Звягинцев хотел что-то возразить, но Утишев пополз к соседнему окопу и, не поворачивая головы, вдруг наставительно и серьезно сказал:

– А ты, борода, стреляй поэкономней и пометче, а то ты, наверное, пуляешь в белый свет, как в копеечку. Да про девушек на старости лет поменьше думай, тогда у тебя и руки дрожать не будут…

От неожиданности и обиды Звягинцев не сразу нашелся, что ответить, и, только помедлив немного, крикнул вдогонку:

– Бабушку свою поучи, как надо стрелять, сопливец ты этакий!
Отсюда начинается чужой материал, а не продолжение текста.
theorem theorem9:
  fixes M :: "'a measure" and H :: "real \<Rightarrow> real" and Y :: "real \<Rightarrow> 'a \<Rightarrow> real"
    and h1 h2 D \<kappa> :: real
  assumes H_cont: "continuous_on {0..} H"
    and H_range: "\<forall>t\<ge>0. 0 < H t \<and> H t < 1"
    and h12: "0 < h1" "h1 < h2" "h2 < 1"
    and H1: "\<forall>t\<ge>0. h1 \<le> H t \<and> H t \<le> h2"
    and D_pos: "D > 0" and \<kappa>: "0 < \<kappa>" "\<kappa> \<le> 1"
    and H2: "\<forall>t s. 0 < s \<and> s \<le> t \<longrightarrow> \<bar>H t - H s\<bar> \<le> D * (t - s) powr \<kappa>"
    and Y_mbm: "harmonizable_mbm M H Y"
    and Y_cont: "\<forall>\<omega>\<in>space M. continuous_on {0..} (\<lambda>t. Y t \<omega>)"
  shows "\<forall>\<epsilon>>0. \<forall>p>2. \<exists>\<eta>. \<eta> \<in> borel_measurable M \<and> (\<forall>\<omega>\<in>space M. \<eta> \<omega> \<ge> 0) \<and>
           (AE \<omega> in M. \<forall>t1 t2. 0 \<le> t2 \<and> t2 < t1 \<and> t1 \<le> t2 + 1 \<longrightarrow>
              \<bar>Y t1 \<omega> - Y t2 \<omega>\<bar> \<le>
                max (t1 powr (h2 + \<epsilon>)) 1 * (t1 - t2) powr (min h1 \<kappa>) *
                max (\<bar>ln (t1 - t2)\<bar> powr p) 1 * \<eta> \<omega>) \<and>
           (\<exists>C1>0. \<exists>C2>0. \<forall>u>0. measure M {\<omega>\<in>space M. \<eta> \<omega> > u} \<le> C1 * exp (- C2 * u\<^sup>2))"
proof (intro allI impI, goal_cases)
  case (1 \<epsilon> p)
  interpret prob_space M using Y_mbm by (simp add: harmonizable_mbm_def)
  have Hoelder: "\<And>t s. 0 \<le> s \<Longrightarrow> s \<le> t \<Longrightarrow> \<bar>H t - H s\<bar> \<le> D * (t - s) powr \<kappa>"
    using Hoelder_bound_at_zero[OF H_cont H2 \<kappa>(1)] by blast
  obtain K where K: "0 < K" and variance: "\<And>t s. 0 \<le> s \<Longrightarrow> s < t \<Longrightarrow> t \<le> s + 1 \<Longrightarrow>
      mbm_cov H t t - 2 * mbm_cov H t s + mbm_cov H s s
        \<le> K * max t 1 powr (2 * h2 + \<epsilon>) * (t - s) powr (2 * min h1 \<kappa>)"
    using mbm_increment_variance_le[OF H1 h12(1,3) Hoelder \<open>0 < \<epsilon>\<close>] by blast
  have tail: "prob {\<omega>\<in>space M. x < \<bar>Y (real (Suc j) / 2 ^ n) \<omega> - Y (real j / 2 ^ n) \<omega>\<bar>}
      \<le> 2 * exp (- x\<^sup>2 / (4 * (K * max (real (Suc j) / 2 ^ n) 1 powr (2 * (h2 + \<epsilon>) - \<epsilon>)
                                  * (1 / 2 ^ n) powr (2 * min h1 \<kappa>))))" if "0 < x" for n j x
  proof (rule mbm_increment_tail_le[OF Y_mbm _ _ _ _ that])
    have "real (Suc j) / 2 ^ n - real j / 2 ^ n = 1 / 2 ^ n" by (simp add: diff_divide_distrib[symmetric])
    then show "mbm_cov H (real (Suc j) / 2 ^ n) (real (Suc j) / 2 ^ n)
        - 2 * mbm_cov H (real (Suc j) / 2 ^ n) (real j / 2 ^ n) + mbm_cov H (real j / 2 ^ n) (real j / 2 ^ n)
      \<le> K * max (real (Suc j) / 2 ^ n) 1 powr (2 * (h2 + \<epsilon>) - \<epsilon>) * (1 / 2 ^ n) powr (2 * min h1 \<kappa>)"
      using variance[of "real j / 2 ^ n" "real (Suc j) / 2 ^ n"] by (simp add: field_simps)
  qed (use K in auto)
  show ?case
    using Y_mbm h12 \<kappa> 1 unfolding harmonizable_mbm_def
    by (intro subgaussian_dyadic_increments_modulus[OF _ Y_cont K _ _ _ _ _ tail]) auto
qed

end
(* Let $\mathcal C$ be a $\Delta$-complex labeled over $B(X,P)$, let $H$ be a closed inverse submonoid of $M(X,P)$ and let $\Gamma_H$ be its $\omega$-coset graph. Let $k\ge2$ and let $\mathcal E$ be a $\Delta$-complex labeled over $B(X,P)$ together with an immersion $f^S\colon\mathcal E\to\mathcal C$ commuting with the labelings, such that the labeled graph $\Gamma_{\mathcal E}$ is identified (label-preservingly) with a subgraph $S$ of $\Gamma_H$ having the same vertex set as $\Gamma_H$ and containing all edges of $\Gamma_H$ labeled by letters of $X\cup X^{-1}\cup P_2\cup\dots\cup P_{k-1}$. Let $v$ be a vertex of $\Gamma_H$ at which $\Gamma_H$ has a loop labeled $\rho\in P_k$ that is not in $S$, and suppose $C^k$ is a $k$-cell of $\mathcal C$ labeled $\rho$ with root $f^S(v)$; let $\varphi_k=\sigma_{C^k}|_{\partial\Delta^k}$ be its attaching map. Then there exists a unique map $\tilde\varphi_k\colon\partial\Delta^k\to\mathcal E$ such that $\tilde\varphi_k(v_0)=v$, the restriction of $\tilde\varphi_k$ to each $(k-1)$-dimensional face of $\Delta^k$ is the distinguished characteristic map of some $(k-1)$-cell of $\mathcal E$, and $f^S\circ\tilde\varphi_k=\varphi_k$. Moreover $\tilde\varphi_k$ is continuous, so it is the attaching map of a new $k$-cell rooted at $v$ making $\mathcal E\cup_{\tilde\varphi_k}\Delta^k$ a $\Delta$-complex.
   Context: A $\Delta$-complex is a CW-complex in which each $k$-cell $c$ has a distinguished characteristic map $\sigma_c\colon\Delta^k\to\mathcal C$, $\Delta^k=[v_0,\dots,v_k]$ the standard simplex with ordered vertices, such that the restriction of $\sigma_c$ to each $(k-1)$-face (identified order-preservingly with $\Delta^{k-1}$) is the distinguished characteristic map of a $(k-1)$-cell. The root of $c$ is $\alpha(c)=\sigma_c(v_0)$; a $1$-cell $e$ is directed from $\sigma_e(v_0)$ to $\sigma_e(v_1)$. Complexes are connected and finite-dimensional. An immersion is a continuous map that is a local homeomorphism onto its image and commutes with characteristic maps (each $k$-cell $d$ maps onto a $k$-cell with $f\circ\sigma_d=\sigma_{f(d)}$). $B(X,P)$ is a $\Delta$-complex with one $0$-cell, $1$-cells indexed by $X$, $k$-cells ($2\le k\le n$) indexed by $P_k$, index sets pairwise disjoint, $P=\bigcup P_k$. A complex $\mathcal C$ is labeled over $B(X,P)$ via an immersion $f_{\mathcal C}\colon\mathcal C\to B(X,P)$, and $\ell(c)$ is the index of $f_{\mathcal C}(c)$; an immersion $g\colon\mathcal D\to\mathcal C$ commutes with labelings if $f_{\mathcal C}\circ g=f_{\mathcal D}$. Boundary labels: for a $k$-cell $c$ ($k\ge2$) with characteristic map $\sigma$, let $c_i$ be the $(k-1)$-cell whose characteristic map is $\sigma$ restricted to the face omitting $v_i$, and $e(c)=\sigma([v_0,v_1])$; $bl(c)=\ell(\sigma[v_0,v_1])\ell(\sigma[v_1,v_2])\ell(\sigma[v_0,v_2])^{-1}$ if $k=2$, and $bl(c)=\ell(c_k)\cdots\ell(c_1)\ell(e(c))\ell(c_0)\ell(e(c))^{-1}$ if $k\ge3$; $bl(\rho)$ is the boundary label of the cell of $B(X,P)$ labeled $\rho$. $M(X,P)$ is the inverse monoid presented by generators $X\cup P$ and relations $\rho^2=\rho$, $\rho=\rho\,bl(\rho)$ for $\rho\in P$. For $N\subseteq M(X,P)$, $N^\omega=\{m: m\ge n \text{ for some } n\in N\}$ (natural partial order $a\le b$ iff $a=eb$, $e$ idempotent); $N$ is closed if $N=N^\omega$. For a closed inverse submonoid $H$, a right $\omega$-coset is a set $(Hm)^\omega$ with $mm^{-1}\in H$; the $\omega$-coset graph $\Gamma_H$ has the right $\omega$-cosets as vertices and an edge labeled $a\in X\cup X^{-1}\cup P$ from $(Hm)^\omega$ to $(Hma)^\omega$ whenever the latter is a right $\omega$-coset. For a labeled complex $\mathcal E$, the graph $\Gamma_{\mathcal E}$ has vertex set the $0$-cells, for each $1$-cell $e$ an edge from $\alpha(e)$ to $\omega(e)$ labeled $\ell(e)$ together with an inverse edge labeled $\ell(e)^{-1}$, and for each cell $c$ of dimension $\ge2$ a loop at $\alpha(c)$ labeled $\ell(c)$. *)

theory Defs
  imports Main
begin

section \<open>Delta-complexes, combinatorially (semi-simplicial sets)\<close>

text \<open>A cell c of dimension k has faces face K c i (0 <= i <= k): the cell whose
 characteristic map is sigma_c restricted to the face omitting v_i.\<close>

record 'c dcx =
  cells :: "'c set"
  cdim  :: "'c \<Rightarrow> nat"
  face  :: "'c \<Rightarrow> nat \<Rightarrow> 'c"

definition verts :: "'c dcx \<Rightarrow> 'c set" where
  "verts K = {c \<in> cells K. cdim K c = 0}"

text \<open>root: sigma_c(v_0), obtained by repeatedly omitting the top vertex.\<close>
fun rootf :: "'c dcx \<Rightarrow> nat \<Rightarrow> 'c \<Rightarrow> 'c" where
  "rootf K 0 c = c"
| "rootf K (Suc n) c = rootf K n (face K c (Suc n))"

definition root :: "'c dcx \<Rightarrow> 'c \<Rightarrow> 'c" where
  "root K c = rootf K (cdim K c) c"

text \<open>vertex sigma_c(v_i)\<close>
fun vtxf :: "'c dcx \<Rightarrow> nat \<Rightarrow> 'c \<Rightarrow> nat \<Rightarrow> 'c" where
  "vtxf K 0 c i = c"
| "vtxf K (Suc n) c i =
     (if i \<le> n then vtxf K n (face K c (Suc n)) i else vtxf K n (face K c 0) n)"

definition vert :: "'c dcx \<Rightarrow> 'c \<Rightarrow> nat \<Rightarrow> 'c" where
  "vert K c i = vtxf K (cdim K c) c i"

text \<open>e(c) = sigma_c([v_0,v_1])\<close>
fun e01f :: "'c dcx \<Rightarrow> nat \<Rightarrow> 'c \<Rightarrow> 'c" where
  "e01f K 0 c = c"
| "e01f K (Suc 0) c = c"
| "e01f K (Suc (Suc n)) c = e01f K (Suc n) (face K c (Suc (Suc n)))"

definition e01 :: "'c dcx \<Rightarrow> 'c \<Rightarrow> 'c" where
  "e01 K c = e01f K (cdim K c) c"

text \<open>1-skeleton adjacency: a 1-cell e goes from face e 1 = sigma_e(v_0) to face e 0 = sigma_e(v_1).\<close>
definition adj :: "'c dcx \<Rightarrow> ('c \<times> 'c) set" where
  "adj K = {(face K e 1, face K e 0) | e. e \<in> cells K \<and> cdim K e = 1}"

definition is_dcx :: "'c dcx \<Rightarrow> bool" where
  "is_dcx K \<longleftrightarrow>
     (\<forall>c\<in>cells K. \<forall>i\<le>cdim K c. 0 < cdim K c \<longrightarrow>
          face K c i \<in> cells K \<and> cdim K (face K c i) = cdim K c - 1)
   \<and> (\<forall>c\<in>cells K. \<forall>i j. i < j \<and> j \<le> cdim K c \<and> 2 \<le> cdim K c \<longrightarrow>
          face K (face K c j) i = face K (face K c i) (j - 1))
   \<and> (\<exists>N. \<forall>c\<in>cells K. cdim K c \<le> N)
   \<and> verts K \<noteq> {}
   \<and> (\<forall>x\<in>verts K. \<forall>y\<in>verts K. (x, y) \<in> (adj K \<union> (adj K)\<inverse>)\<^sup>*)"

text \<open>Immersion: dimension- and face-preserving cell map, locally injective
 (two distinct cells of the same dimension sharing the vertex at the same
 position v_i have distinct images).\<close>
definition is_imm :: "'c dcx \<Rightarrow> 'd dcx \<Rightarrow> ('c \<Rightarrow> 'd) \<Rightarrow> bool" where
  "is_imm D C f \<longleftrightarrow>
     (\<forall>c\<in>cells D. f c \<in> cells C \<and> cdim C (f c) = cdim D c
        \<and> (\<forall>i\<le>cdim D c. 0 < cdim D c \<longrightarrow> f (face D c i) = face C (f c) i))
   \<and> (\<forall>c\<in>cells D. \<forall>c'\<in>cells D. \<forall>i. c \<noteq> c' \<and> cdim D c = cdim D c' \<and> i \<le> cdim D c
        \<and> vert D c i = vert D c' i \<longrightarrow> f c \<noteq> f c')"

definition Pall :: "(nat \<Rightarrow> 'l set) \<Rightarrow> nat \<Rightarrow> 'l set" where
  "Pall P n = (\<Union>k\<in>{2..n}. P k)"

text \<open>B(X,P): one 0-cell b0, 1-cells indexed by X, k-cells indexed by P k (2<=k<=n);
 cells of B are identified with their indices.\<close>
definition is_B :: "'l dcx \<Rightarrow> 'l set \<Rightarrow> (nat \<Rightarrow> 'l set) \<Rightarrow> nat \<Rightarrow> 'l \<Rightarrow> bool" where
  "is_B B X P n b0 \<longleftrightarrow> is_dcx B
     \<and> cells B = {b0} \<union> X \<union> Pall P n
     \<and> cdim B b0 = 0
     \<and> (\<forall>x\<in>X. cdim B x = 1)
     \<and> (\<forall>k\<in>{2..n}. \<forall>\<rho>\<in>P k. cdim B \<rho> = k)"

text \<open>A labeled complex: ell is the immersion into B; the label of c is ell c.\<close>
definition is_labeled :: "'c dcx \<Rightarrow> 'l dcx \<Rightarrow> ('c \<Rightarrow> 'l) \<Rightarrow> bool" where
  "is_labeled K B ell \<longleftrightarrow> is_dcx K \<and> is_imm K B ell"

type_synonym 'l word = "('l \<times> bool) list"   (* (a,True) = a, (a,False) = a^-1 *)

definition winv :: "'l word \<Rightarrow> 'l word" where
  "winv w = rev (map (\<lambda>(a, b). (a, \<not> b)) w)"

definition bl :: "'l dcx \<Rightarrow> 'l \<Rightarrow> 'l word" where
  "bl B \<rho> = (let k = cdim B \<rho> in
     if k = 2 then [(face B \<rho> 2, True), (face B \<rho> 0, True), (face B \<rho> 1, False)]
     else map (\<lambda>i. (face B \<rho> i, True)) (rev [1..<k+1])
          @ [(e01 B \<rho>, True), (face B \<rho> 0, True), (e01 B \<rho>, False)])"

definition alph :: "'l set \<Rightarrow> 'l set \<Rightarrow> ('l \<times> bool) set" where
  "alph X PP = (X \<union> PP) \<times> UNIV"

text \<open>Congruence on words presenting M(X,P) as an inverse monoid:
 Wagner's relations plus rho^2 = rho and rho = rho bl(rho).\<close>
inductive mc :: "'l dcx \<Rightarrow> 'l set \<Rightarrow> 'l set \<Rightarrow> 'l word \<Rightarrow> 'l word \<Rightarrow> bool"
  for B X PP where
  mc_refl: "w \<in> lists (alph X PP) \<Longrightarrow> mc B X PP w w"
| mc_sym: "mc B X PP u v \<Longrightarrow> mc B X PP v u"
| mc_trans: "mc B X PP u v \<Longrightarrow> mc B X PP v w \<Longrightarrow> mc B X PP u w"
| mc_ctx: "mc B X PP u v \<Longrightarrow> x \<in> lists (alph X PP) \<Longrightarrow> y \<in> lists (alph X PP)
            \<Longrightarrow> mc B X PP (x @ u @ y) (x @ v @ y)"
| mc_ax1: "w \<in> lists (alph X PP) \<Longrightarrow> mc B X PP (w @ winv w @ w) w"
| mc_ax2: "w \<in> lists (alph X PP) \<Longrightarrow> z \<in> lists (alph X PP) \<Longrightarrow>
            mc B X PP (w @ winv w @ z @ winv z) (z @ winv z @ w @ winv w)"
| mc_idem: "\<rho> \<in> PP \<Longrightarrow> mc B X PP [(\<rho>, True), (\<rho>, True)] [(\<rho>, True)]"
| mc_bl: "\<rho> \<in> PP \<Longrightarrow> mc B X PP [(\<rho>, True)] ((\<rho>, True) # bl B \<rho>)"

text \<open>Elements of M(X,P) are congruence classes of words.\<close>
type_synonym 'l mel = "'l word set"

definition mclass :: "'l dcx \<Rightarrow> 'l set \<Rightarrow> 'l set \<Rightarrow> 'l word \<Rightarrow> 'l mel" where
  "mclass B X PP w = {v. mc B X PP w v}"

definition Mset :: "'l dcx \<Rightarrow> 'l set \<Rightarrow> 'l set \<Rightarrow> 'l mel set" where
  "Mset B X PP = mclass B X PP ` lists (alph X PP)"

definition mmul :: "'l dcx \<Rightarrow> 'l set \<Rightarrow> 'l set \<Rightarrow> 'l mel \<Rightarrow> 'l mel \<Rightarrow> 'l mel" where
  "mmul B X PP a b = {v. \<exists>x\<in>a. \<exists>y\<in>b. mc B X PP (x @ y) v}"

definition minv :: "'l dcx \<Rightarrow> 'l set \<Rightarrow> 'l set \<Rightarrow> 'l mel \<Rightarrow> 'l mel" where
  "minv B X PP a = {v. \<exists>x\<in>a. mc B X PP (winv x) v}"

definition mleq :: "'l dcx \<Rightarrow> 'l set \<Rightarrow> 'l set \<Rightarrow> 'l mel \<Rightarrow> 'l mel \<Rightarrow> bool" where
  "mleq B X PP a b \<longleftrightarrow> (\<exists>e\<in>Mset B X PP. mmul B X PP e e = e \<and> a = mmul B X PP e b)"

definition omega :: "'l dcx \<Rightarrow> 'l set \<Rightarrow> 'l set \<Rightarrow> 'l mel set \<Rightarrow> 'l mel set" where
  "omega B X PP N = {m \<in> Mset B X PP. \<exists>n\<in>N. mleq B X PP n m}"

definition closed_inv_submonoid :: "'l dcx \<Rightarrow> 'l set \<Rightarrow> 'l set \<Rightarrow> 'l mel set \<Rightarrow> bool" where
  "closed_inv_submonoid B X PP H \<longleftrightarrow>
     H \<subseteq> Mset B X PP \<and> mclass B X PP [] \<in> H
   \<and> (\<forall>a\<in>H. \<forall>b\<in>H. mmul B X PP a b \<in> H) \<and> (\<forall>a\<in>H. minv B X PP a \<in> H)
   \<and> omega B X PP H = H"

definition rmul :: "'l dcx \<Rightarrow> 'l set \<Rightarrow> 'l set \<Rightarrow> 'l mel set \<Rightarrow> 'l mel \<Rightarrow> 'l mel set" where
  "rmul B X PP H m = (\<lambda>h. mmul B X PP h m) ` H"

definition is_coset :: "'l dcx \<Rightarrow> 'l set \<Rightarrow> 'l set \<Rightarrow> 'l mel set \<Rightarrow> 'l mel set \<Rightarrow> bool" where
  "is_coset B X PP H R \<longleftrightarrow> (\<exists>m\<in>Mset B X PP. mmul B X PP m (minv B X PP m) \<in> H
       \<and> R = omega B X PP (rmul B X PP H m))"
Утишев полз, улыбаясь и не оглядываясь, волоча за собой патронные коробки. Звягинцев презрительно посмотрел на его спину с проступившими на лопатках белыми пятнами соли, на веревочную лямку, перекинутую через плечо и глубоко врезавшуюся в добела выгоревшую на солнце гимнастерку, огорченно подумал: «Народ какой-то несерьезный пошел, просто черт его знает, что за народ! Как, скажи, все они в учениках у Петьки Лопахина были… Эх, беда, беда, нету Миколы Стрельцова, и поговорить толком не с кем».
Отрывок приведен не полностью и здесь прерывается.